lemma binary_form_coeff_eq_0:
  fixes r :: "nat \<Rightarrow> 'a::field" and A :: "('a \<times> 'a) set"
  assumes card: "d < card A" and nz: "(0,0) \<notin> A"
    and zeros: "\<And>x y. (x,y) \<in> A \<Longrightarrow> (\<Sum>i\<le>d. r i * x ^ i * y ^ (d - i)) = 0"
    and nonprop: "\<And>x y x' y'. (x,y) \<in> A \<Longrightarrow> (x',y') \<in> A \<Longrightarrow> x * y' = x' * y \<Longrightarrow> (x,y) = (x',y')"
    and "i \<le> d"
  shows "r i = 0"
proof -
  define p where "p = (\<Sum>i\<le>d. monom (r i) i)"
  have coeff_p: "coeff p i = (if i \<le> d then r i else 0)" for i
    unfolding p_def coeff_sum coeff_monom by (auto simp: sum.delta)
  have "p = 0"
  proof (rule ccontr)
    assume "p \<noteq> 0"
    have fin: "finite A" using card card.infinite by fastforce
    define A0 where "A0 = {v\<in>A. snd v = 0}"
    define A1 where "A1 = {v\<in>A. snd v \<noteq> 0}"
    have "A = A0 \<union> A1" "A0 \<inter> A1 = {}" by (auto simp: A0_def A1_def)
    hence "card A = card A0 + card A1" using fin by (simp add: card_Un_disjoint)
    have "poly p (x / y) = 0" if "(x,y) \<in> A1" for x y
      using zeros[of x y] binary_form_dehomogenize[where x = x and y = y and r = r and d = d] that by (simp add: A1_def p_def)
    moreover have "inj_on (\<lambda>(x,y). x / y) A1"
      by (rule inj_onI) (auto simp: A1_def field_simps dest: nonprop)
    ultimately have "card A1 \<le> card {t. poly p t = 0}"
      using \<open>p \<noteq> 0\<close> by (subst card_image[symmetric]) (auto intro!: card_mono simp: poly_roots_finite)
    also have "\<dots> \<le> degree p" by (rule card_poly_roots_bound[OF \<open>p \<noteq> 0\<close>])
    finally have "card A1 \<le> degree p" .
    moreover have "card A0 + degree p \<le> d"
    proof (cases "A0 = {}")
      case True
      thus ?thesis by (auto intro: degree_le simp: coeff_p)
    next
      case False
      then obtain x0 where x0: "(x0, 0) \<in> A" by (force simp: A0_def)
      hence "x0 \<noteq> 0" using nz by auto
      have "(\<Sum>i\<le>d. r i * x0 ^ i * 0 ^ (d - i)) = r d * x0 ^ d"
        by (rule trans[OF sum.mono_neutral_right[of "{..d}" "{d}"]]) auto
      hence "coeff p d = 0" using zeros[OF x0] \<open>x0 \<noteq> 0\<close> by (simp add: coeff_p)
      moreover have "degree p \<le> d" by (auto intro: degree_le simp: coeff_p)
      ultimately have "degree p < d"
        using \<open>p \<noteq> 0\<close> by (metis le_neq_implies_less leading_coeff_0_iff)
      moreover have "card A0 \<le> 1"
        unfolding A0_def using fin by (auto simp: card_le_Suc0_iff_eq dest: nonprop)
      ultimately show ?thesis by simp
    qed
    ultimately show False using card \<open>card A = card A0 + card A1\<close> by simp
  qed
  thus ?thesis using coeff_p[of i] \<open>i \<le> d\<close> by simp
qed

section \<open>Dividing a form by a linear form\<close>

(* The quotient G of F by a x + b y + c z (c \<noteq> 0): the coefficient equation of pmul at the
   exponent (i, j, k + 1), solved for G (i, j, k). *)
function lin_quot :: "'a::field \<Rightarrow> 'a \<Rightarrow> 'a \<Rightarrow> 'a form3 \<Rightarrow> nat \<Rightarrow> nat \<Rightarrow> nat \<Rightarrow> 'a" where
  "lin_quot a b c F i j k = (F (i,j,Suc k) - (if 0 < i then a * lin_quot a b c F (i-1) j (Suc k) else 0)
       - (if 0 < j then b * lin_quot a b c F i (j-1) (Suc k) else 0)) / c"
  by auto
termination by (relation "measure (\<lambda>(a,b,c,F,i,j,k). i + j)") auto

declare lin_quot.simps [simp del]

lemma lin_quot_eq_0: "homog (Suc e) F \<Longrightarrow> i + j + k \<noteq> e \<Longrightarrow> lin_quot a b c F i j k = 0"
proof (induction a b c F i j k rule: lin_quot.induct)
  case (1 a b c F i j k)
  have "F (i,j,Suc k) = 0" using "1.prems" unfolding homog_def by (metis add_Suc_right nat.inject)
  with 1 show ?case by (subst lin_quot.simps) auto
qed

lemma lin_form_division:
  fixes F :: "'a::field form3"
  assumes hom: "homog (Suc e) F" and c: "c \<noteq> 0"
  obtains G R where "homog e G" and "homog (Suc e) R" and "\<And>i j k. 0 < k \<Longrightarrow> R (i,j,k) = 0"
    and "F = (\<lambda>m. pmul (lin_form (a,b,c)) G m + R m)"
proof
  define G where "G = (\<lambda>(i,j,k). lin_quot a b c F i j k)"
  show homG: "homog e G" unfolding homog_def G_def by (metis lin_quot_eq_0[OF hom] case_prod_conv)
  define P where "P = pmul (lin_form (a,b,c)) G"
  show "F = (\<lambda>m. P m + (F m - P m))" by simp
  show "F (i,j,k) - P (i,j,k) = 0" if k_pos: "0 < k" for i j k
  proof -
    obtain k' where k: "k = Suc k'" using gr0_implies_Suc[OF k_pos] ..
    have "c * lin_quot a b c F i j k' = F (i,j,k)
        - (if 0 < i then a * lin_quot a b c F (i-1) j k else 0)
        - (if 0 < j then b * lin_quot a b c F i (j-1) k else 0)"
      using c unfolding k by (subst lin_quot.simps) simp
    thus ?thesis unfolding P_def pmul_lin_form G_def k by simp
  qed
  have "P (i,j,k) = 0" if "i + j + k \<noteq> Suc e" for i j k
  proof -
    have "G (i', j', k') = 0" if "i' + j' + k' \<noteq> e" for i' j' k'
      using homG that unfolding homog_def by blast
    thus ?thesis using \<open>i + j + k \<noteq> Suc e\<close> unfolding P_def pmul_lin_form by auto
  qed
  thus "homog (Suc e) (\<lambda>m. F m - P m)" using hom unfolding homog_def by (metis diff_zero)
qed

lemma proportional_if_on_line:
  fixes v w :: "'a::field \<times> 'a \<times> 'a"
  assumes c: "c \<noteq> 0" and v: "dot3 (a,b,c) v = 0" "v \<noteq> (0,0,0)" and w: "dot3 (a,b,c) w = 0"
    and xy: "fst v * fst (snd w) = fst w * fst (snd v)"
  shows "\<exists>t. w = scale3 t v"
proof -
  obtain x y z x' y' z' where vw: "v = (x,y,z)" "w = (x',y',z')" by (cases v, cases w)
  have z: "z = - (a * x + b * y) / c" and z': "z' = - (a * x' + b * y') / c"
    using v w c unfolding vw dot3_def by (simp_all add: field_simps add_eq_0_iff)
  obtain t where t: "x' = t * x" "y' = t * y"
  proof (cases "x = 0")
    case True
    hence "y \<noteq> 0" using v z unfolding vw by auto
    thus ?thesis using xy True unfolding vw by (intro that[of "y' / y"]) auto
  next
    case False
    thus ?thesis using xy unfolding vw by (intro that[of "x' / x"]) (auto simp: field_simps)
  qed
  hence "z' = t * z" unfolding z z' using c by (simp add: field_simps)
  thus ?thesis using t unfolding vw scale3_def by auto
qed

(* On a line with c \<noteq> 0 a point is determined up to scaling by its first two coordinates,
   so a form without z restricts to a binary form there. *)
lemma z_free_form_eq_0_if_zeros_on_line:
  fixes R :: "'a::field form3"
  assumes z_free: "\<And>i j k. 0 < k \<Longrightarrow> R (i,j,k) = 0" and hom: "homog d R"
    and c: "c \<noteq> 0" and card: "d < card A"
    and zeros: "\<And>v. v \<in> A \<Longrightarrow> v \<noteq> (0,0,0) \<and> dot3 (a,b,c) v = 0 \<and> eval_form d R v = 0"
    and np: "nonproportional A"
  shows "R = (\<lambda>_. 0)"
proof -
  define xy where "xy = (\<lambda>v::'a \<times> 'a \<times> 'a. (fst v, fst (snd v)))"
  have xy_eq: "v = w" if v: "v \<in> A" and w: "w \<in> A"
    and xy_prop: "fst v * fst (snd w) = fst w * fst (snd v)" for v w
  proof -
    have "\<exists>t. w = scale3 t v"
      by (rule proportional_if_on_line[OF c _ _ _ xy_prop]) (use zeros[OF v] zeros[OF w] in auto)
    then obtain t where "w = scale3 t v" ..
    with np v w show ?thesis unfolding nonproportional_def by metis
  qed
  have R0: "R (i, d - i, 0) = 0" if "i \<le> d" for i
  proof (rule binary_form_coeff_eq_0[where A = "xy ` A" and r = "\<lambda>i. R (i, d - i, 0)"])
    have "inj_on xy A" by (rule inj_onI, rule xy_eq) (auto simp: xy_def)
    thus "d < card (xy ` A)" using card by (simp add: card_image)
    show "(0,0) \<notin> xy ` A"
    proof
      assume "(0,0) \<in> xy ` A"
      then obtain z where "(0,0,z) \<in> A" by (auto simp: xy_def)
      thus False using zeros[of "(0,0,z)"] c by (auto simp: dot3_def)
    qed
    show "(\<Sum>i\<le>d. R (i, d - i, 0) * x ^ i * y ^ (d - i)) = 0" if "(x,y) \<in> xy ` A" for x y
      using that zeros eval_form_z_free[where R = R, OF z_free] by (auto simp: xy_def)
    show "(x,y) = (x',y')"
      if xy_A: "(x,y) \<in> xy ` A" "(x',y') \<in> xy ` A" and xy_prop: "x * y' = x' * y" for x y x' y'
    proof -
      obtain v w where vw: "v \<in> A" "w \<in> A" "(x,y) = xy v" "(x',y') = xy w" using xy_A by blast
      have "v = w" by (rule xy_eq[OF vw(1,2)]) (use vw(3,4) xy_prop in \<open>simp add: xy_def\<close>)
      thus ?thesis using vw by simp
    qed
  qed fact
  have "R (i,j,k) = 0" for i j k
  proof (cases "0 < k \<or> i + j + k \<noteq> d")
    case False
    hence "(i,j,k) = (i, d - i, 0)" "i \<le> d" by auto
    thus ?thesis using R0 by metis
  qed (use z_free hom in \<open>unfold homog_def, blast\<close>)
  thus ?thesis by auto
qed

lemma lin_form_dvd_if_zeros_on_line_z:
  fixes F :: "'a::field form3"
  assumes hom: "homog (Suc e) F" and c: "c \<noteq> 0" and card: "Suc e < card A"
    and zeros: "\<And>v. v \<in> A \<Longrightarrow> v \<noteq> (0,0,0) \<and> dot3 (a,b,c) v = 0 \<and> eval_form (Suc e) F v = 0"
    and np: "nonproportional A"
  shows "\<exists>G. homog e G \<and> F = pmul (lin_form (a,b,c)) G"
proof -
  obtain G R where G: "homog e G" and R: "homog (Suc e) R" "\<And>i j k. 0 < k \<Longrightarrow> R (i,j,k) = 0"
    and F: "F = (\<lambda>m. pmul (lin_form (a,b,c)) G m + R m)"
    by (rule lin_form_division[OF hom c, where a = a and b = b]) blast
  have "eval_form (Suc e) R v = 0" if "v \<in> A" for v
    using zeros[OF that] by (auto simp: F eval_form_add eval_form_pmul_lin_form)
  hence "R = (\<lambda>_. 0)"
    using z_free_form_eq_0_if_zeros_on_line[where R = R, OF R(2) R(1) c card] zeros np by blast
  thus ?thesis using G F by auto
qed

definition swap_last :: "nat \<Rightarrow> 'b \<times> 'b \<times> 'b \<Rightarrow> 'b \<times> 'b \<times> 'b" where
  "swap_last n = (\<lambda>(x,y,z). if n = 0 then (z,y,x) else if n = 1 then (x,z,y) else (x,y,z))"

lemma swap_last_swap_last [simp]: "swap_last n (swap_last n v) = v"
  by (auto simp: swap_last_def split: prod.splits)

lemma swap_last_eq_iff [simp]: "swap_last n v = swap_last n w \<longleftrightarrow> v = w"
  by (metis swap_last_swap_last)

lemma swap_last_eq_0_iff [simp]: "swap_last n v = (0,0,0) \<longleftrightarrow> v = (0,0,0)"
  by (auto simp: swap_last_def split: prod.splits)

lemma ex_swap_last_nonzero: "v \<noteq> (0,0,0) \<Longrightarrow> \<exists>n. snd (snd (swap_last n v)) \<noteq> 0"
  by (cases v) (auto simp: swap_last_def intro: exI[of _ 0] exI[of _ 1] exI[of _ 2])

lemma swap_last_scale3: "swap_last n (scale3 t v) = scale3 t (swap_last n v)"
  by (auto simp: swap_last_def scale3_def split: prod.splits)

lemma dot3_swap_last: "dot3 (swap_last n l) (swap_last n v) = dot3 l v"
  by (auto simp: swap_last_def dot3_def algebra_simps split: prod.splits)

lemma homog_comp_swap_last: "homog d F \<Longrightarrow> homog d (F \<circ> swap_last n)"
  unfolding homog_def swap_last_def by (auto split: if_splits) (metis add.assoc add.commute)+

lemma eval_form_comp_swap_last: "eval_form d (F \<circ> swap_last n) (swap_last n v) = eval_form d F v"
  unfolding eval_form_exps3
  by (rule sum.reindex_bij_witness[where i = "swap_last n" and j = "swap_last n"])
     (auto simp: exps3_def monom3_def swap_last_def mult_ac split: prod.splits)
★ ★ ★
● About this task: The response should be the listing above, limited to the lines between the one holding "using \<open>p \<noteq> 0\<close> by (metis" and the one holding "ultimately show ?thesis by simp", inclusive, reproduced exactly.

● Output below:
        using \<open>p \<noteq> 0\<close> by (metis le_neq_implies_less leading_coeff_0_iff)
      moreover have "card A0 \<le> 1"
        unfolding A0_def using fin by (auto simp: card_le_Suc0_iff_eq dest: nonprop)
      ultimately show ?thesis by simp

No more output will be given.